While the current EEOC regulations do use concepts from the HIPAA wellness regulations, they contain differences. For example, the HIPAA regulations limit incentive amounts generally to 30% of the cost of coverage in which the employee is enrolled, while the ADA regulations limit incentive amounts generally to 30% of the lowest cost plan. For more specifics on the differences between the HIPAA, ADA and GINA wellness regulations see our June 17, 2016 FYI In-Depth. Some experts suggest that the EEOC could issue regulations that more closely mirror or adopt the HIPAA wellness regulations or suggest that compliance with the HIPAA regulations would satisfy the ADA and GINA.

Comment. In its initial ruling, the court rejected the EEOC’s argument of harmonizing its regulations with HIPAA, stating that HIPAA does not contain a voluntary requirement, which is statutorily mandated in the ADA and GINA and that HIPAA’s directive — prohibiting health coverage discrimination — differs from the protections of the ADA and GINA. It would seem that Congress could provide a legislative fix, referencing the HIPAA statute. In fact, such legislation has been introduced, but has not progressed. (See our March 6, 2017 and March 27, 2015 issues of Legislate.) It will be interesting to see what strategy the EEOC takes.

It’s important to note that the order will only vacate the portions of the ADA and GINA regulations that relate to the amount of the incentive. Other requirements, such as the notice requirement, appear to remain in effect and would be required for programs that contain health risk assessments or biometric screenings, even without incentives.

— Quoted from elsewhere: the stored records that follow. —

(* Let $I\subset\mathbb{R}$ be an open interval, let $\bm{a}:I\to\mathbb{R}^2_1$ be a frontal with Gauss mapping $\bm{\nu}:I\to H^1$ (or $S^1_1$), and let $r:I\to\mathbb{R}^+$ be a smooth positive function. Suppose the pseudo-circle family $C_{(\bm{a}(t),\pm r(t))}$ creates an envelope $f:I\to\mathbb{R}^2_1$, and write $f(t)=\bm{a}(t)+r(t)\tilde{\bm{\nu}}(t)$ with $\tilde{\bm{\nu}}:I\to S^1_1$ (for the family with $+r$) or $\tilde{\bm{\nu}}:I\to H^1$ (for the family with $-r$). Then: (1) If $\epsilon_{\tilde{\bm{\nu}}}\cdot\epsilon_{\bm{\mu}}=1$, then $\tilde{\bm{\nu}}(t)=\cosh\theta(t)\bm{\mu}(t)\pm\sinh\theta(t)\bm{\nu}(t)$ or $\tilde{\bm{\nu}}(t)=-\cosh\theta(t)\bm{\mu}(t)\pm\sinh\theta(t)\bm{\nu}(t)$, where $\theta:I\to\mathbb{R}$ is a function satisfying $\frac{dr}{dt}(t)+\beta(t)\cosh\theta(t)=0$ or $\frac{dr}{dt}(t)-\beta(t)\cosh\theta(t)=0$ for all $t\in I$. (2) If $\epsilon_{\tilde{\bm{\nu}}}\cdot\epsilon_{\bm{\mu}}=-1$, then $\tilde{\bm{\nu}}(t)=\sinh\theta(t)\bm{\mu}(t)\pm\cosh\theta(t)\bm{\nu}(t)$, where $\theta:I\to\mathbb{R}$ is a function satisfying $\frac{dr}{dt}(t)-\beta(t)\sinh\theta(t)=0$ for all $t\in I$.
   Context: All objects are $C^\infty$. The Minkowski plane $\mathbb{R}^2_1$ is $\mathbb{R}^2$ with $\langle\bm{x},\bm{y}\rangle=-x_1y_1+x_2y_2$; $S^1_1=\{\bm{x}:\langle\bm{x},\bm{x}\rangle=1\}$, $H^1=\{\bm{x}:\langle\bm{x},\bm{x}\rangle=-1\}$. For non-lightlike $\bm{x}$, $\epsilon_{\bm{x}}=1$ if $\bm{x}$ is spacelike ($\langle\bm{x},\bm{x}\rangle>0$) and $-1$ if timelike ($\langle\bm{x},\bm{x}\rangle<0$); for a map into $S^1_1$ or $H^1$ this sign is constant. A smooth $\bm{a}:I\to\mathbb{R}^2_1$ is a spacelike (resp. timelike) frontal if there is smooth $\bm{\nu}:I\to H^1$ (resp. $S^1_1$), the Gauss mapping, with $\langle\frac{d\bm{a}}{dt},\bm{\nu}\rangle=0$. $\bm{\mu}:I\to S^1_1$ (resp. $H^1$) is a smooth unit field with $\langle\bm{\mu},\bm{\nu}\rangle=0$, and $\frac{d\bm{a}}{dt}=\beta\bm{\mu}$ with $\beta(t)=\epsilon_{\bm{\mu}}\langle\bm{\mu}(t),\frac{d\bm{a}}{dt}(t)\rangle$. $C_{(\bm{a}(t),\pm r(t))}=\{\bm{x}:\langle\bm{x}-\bm{a}(t),\bm{x}-\bm{a}(t)\rangle=\pm r(t)^2\}$. An envelope of $C_{(\bm{a}(t),\pm r(t))}$ is a smooth $f:I\to\mathbb{R}^2_1$ with $f(t)\in C_{(\bm{a}(t),\pm r(t))}$ and $\langle\frac{df}{dt}(t),f(t)-\bm{a}(t)\rangle=0$ for all $t$. *)

theory Defs
  imports "HOL-Analysis.Analysis"
begin

definition mink :: "real \<times> real \<Rightarrow> real \<times> real \<Rightarrow> real" where
  "mink x y = - fst x * fst y + snd x * snd y"

definition S11 :: "(real \<times> real) set" where
  "S11 = {x. mink x x = 1}"

definition H1 :: "(real \<times> real) set" where
  "H1 = {x. mink x x = -1}"

definition eps :: "real \<times> real \<Rightarrow> real" where
  "eps x = (if mink x x > 0 then 1 else -1)"

definition smooth_on :: "real set \<Rightarrow> (real \<Rightarrow> 'a::real_normed_vector) \<Rightarrow> bool" where
  "smooth_on I g \<longleftrightarrow> (\<exists>D :: nat \<Rightarrow> real \<Rightarrow> 'a. (\<forall>t\<in>I. D 0 t = g t) \<and>
      (\<forall>n. \<forall>t\<in>I. (D n has_vector_derivative D (Suc n) t) (at t)))"

definition open_interval :: "real set \<Rightarrow> bool" where
  "open_interval I \<longleftrightarrow> is_interval I \<and> open I \<and> I \<noteq> {}"

definition spacelike_frontal_frame ::
  "real set \<Rightarrow> (real \<Rightarrow> real \<times> real) \<Rightarrow> (real \<Rightarrow> real \<times> real) \<Rightarrow> (real \<Rightarrow> real \<times> real) \<Rightarrow> bool" where
  "spacelike_frontal_frame I a \<nu> \<mu> \<longleftrightarrow> smooth_on I a \<and> smooth_on I \<nu> \<and> smooth_on I \<mu> \<and>
     (\<forall>t\<in>I. \<nu> t \<in> H1 \<and> \<mu> t \<in> S11 \<and> mink (\<mu> t) (\<nu> t) = 0 \<and>
        mink (vector_derivative a (at t)) (\<nu> t) = 0)"

definition timelike_frontal_frame ::
  "real set \<Rightarrow> (real \<Rightarrow> real \<times> real) \<Rightarrow> (real \<Rightarrow> real \<times> real) \<Rightarrow> (real \<Rightarrow> real \<times> real) \<Rightarrow> bool" where
  "timelike_frontal_frame I a \<nu> \<mu> \<longleftrightarrow> smooth_on I a \<and> smooth_on I \<nu> \<and> smooth_on I \<mu> \<and>
     (\<forall>t\<in>I. \<nu> t \<in> S11 \<and> \<mu> t \<in> H1 \<and> mink (\<mu> t) (\<nu> t) = 0 \<and>
        mink (vector_derivative a (at t)) (\<nu> t) = 0)"

text \<open>beta(t) = eps_mu <mu(t), a'(t)>, so that a' = beta mu.\<close>
definition beta :: "(real \<Rightarrow> real \<times> real) \<Rightarrow> (real \<Rightarrow> real \<times> real) \<Rightarrow> real \<Rightarrow> real" where
  "beta a \<mu> t = eps (\<mu> t) * mink (\<mu> t) (vector_derivative a (at t))"

text \<open>Pseudo-circle C_(c, +rho) (sg = 1) or C_(c, -rho) (sg = -1):
  <x-c,x-c> = sg * rho^2.\<close>
definition pcircle :: "real \<times> real \<Rightarrow> real \<Rightarrow> real \<Rightarrow> (real \<times> real) set" where
  "pcircle c sg \<rho> = {x. mink (x - c) (x - c) = sg * \<rho>\<^sup>2}"

definition is_envelope ::
  "real set \<Rightarrow> (real \<Rightarrow> real \<times> real) \<Rightarrow> real \<Rightarrow> (real \<Rightarrow> real) \<Rightarrow> (real \<Rightarrow> real \<times> real) \<Rightarrow> bool" where
  "is_envelope I a sg r f \<longleftrightarrow> smooth_on I f \<and>
     (\<forall>t\<in>I. f t \<in> pcircle (a t) sg (r t) \<and> mink (vector_derivative f (at t)) (f t - a t) = 0)"

end

theory Submission
  imports Defs
begin

text \<open>Differentiating \<open>\<langle>f - a, f - a\<rangle> = \<plusminus>r\<^sup>2\<close> and using the envelope condition
  \<open>\<langle>f', f - a\<rangle> = 0\<close> gives \<open>\<langle>a', \<nu>t\<rangle> = -\<epsilon>\<^sub>\<nu>\<^sub>t r'\<close>. Since \<open>a' = \<beta> \<mu>\<close>, only the
  \<open>\<mu>\<close>-coordinate \<open>x\<close> of \<open>\<nu>t = x \<mu> + y \<nu>\<close> enters, and \<open>\<epsilon>\<^sub>\<mu> \<beta> x = -\<epsilon>\<^sub>\<nu>\<^sub>t r'\<close>.
  The normalisation \<open>\<langle>\<nu>t, \<nu>t\<rangle> = \<epsilon>\<^sub>\<nu>\<^sub>t\<close> puts \<open>(x, y)\<close> on the hyperbola \<open>x\<^sup>2 - y\<^sup>2 = 1\<close>
  when the causal characters of \<open>\<nu>t\<close> and \<open>\<mu>\<close> agree and on \<open>y\<^sup>2 - x\<^sup>2 = 1\<close> otherwise;
  \<open>\<theta>\<close> is the \<open>arsinh\<close> of the coordinate that may vanish. In case (1) \<open>x\<close> never vanishes and
  is continuous, so on the connected set \<open>I\<close> it stays on one branch of the hyperbola.\<close>

lemma mink_eq_inner: "mink x y = inner (- fst x, snd x) y"
  by (simp add: mink_def inner_prod_def)

lemma bounded_bilinear_mink: "bounded_bilinear mink"
proof -
  have "bounded_linear (\<lambda>x :: real \<times> real. (- fst x, snd x))"
    by (intro bounded_linear_Pair bounded_linear_minus bounded_linear_fst bounded_linear_snd bounded_linear_ident)
  then show ?thesis
    using bounded_bilinear.comp[OF bounded_bilinear_inner _ bounded_linear_ident]
    by (simp add: mink_eq_inner[abs_def])
qed

interpretation mink: bounded_bilinear mink
  by (rule bounded_bilinear_mink)

lemma mink_commute: "mink x y = mink y x"
  by (simp add: mink_def)

lemma mink_gram_det:
  "mink x x * mink y y - (mink x y)\<^sup>2 = - (fst x * snd y - snd x * fst y)\<^sup>2"
  by (simp add: mink_def power2_eq_square algebra_simps)

definition pseudo_orthonormal :: "real \<Rightarrow> real \<times> real \<Rightarrow> real \<times> real \<Rightarrow> bool" where
  "pseudo_orthonormal e m n \<longleftrightarrow>
     (e = 1 \<or> e = -1) \<and> mink m m = e \<and> mink n n = - e \<and> mink m n = 0"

For the time being, the existing ADA and GINA regulations remain in effect. Employers should continue to comply with them but still consider the strategies they might take if the regulations lapse. Will they continue to maintain their programs, provide more aggressive incentives or take a more conservative approach?

Comment. Without any regulations, the employee benefits community could slip back into the more litigious environment that existed prior to the issuance of the current regulations. But this time, given the history with the regulations and new leadership in the White House and at the EEOC, it’s possible the agency might be more reluctant to bring complaints. It’s also important for employers to consider their employee population and whether a more aggressive incentive could impact employee morale.

EEOC and Litigation
Individuals bringing an ADA or GINA claim generally must file a charge with the EEOC within 180 days of the alleged violation. After investigation, the EEOC will either file a lawsuit or issue a “Notice of Right to Sue” letter (often referred to as a right to sue letter), allowing the individual who brought the charge to file a lawsuit within 90 days. Remedies available under Title VII of the Civil Rights Act of 1964 are also available for ADA and GINA, meaning that, for employers with more than 500 employees, each individual can recover up to $300,000 in damages from an employer on account of a successful ADA or GINA claim.

In Closing

For the moment, the ADA and GINA wellness program rules remain in play. While interaction between HIPAA, ADA and GINA create some challenges for employer-provided wellness programs, the current ADA and GINA rules provide a roadmap for acceptable incentive limits. Without that roadmap, some employers may feel lost. If the ADA and GINA regulations lapse without a replacement, employers will need to address their wellness program designs to determine comfort level and any associated risk (e.g., employee morale) with incentive limits. Some may reset and take a more conservative approach; others might stay the course or provide more aggressive designs.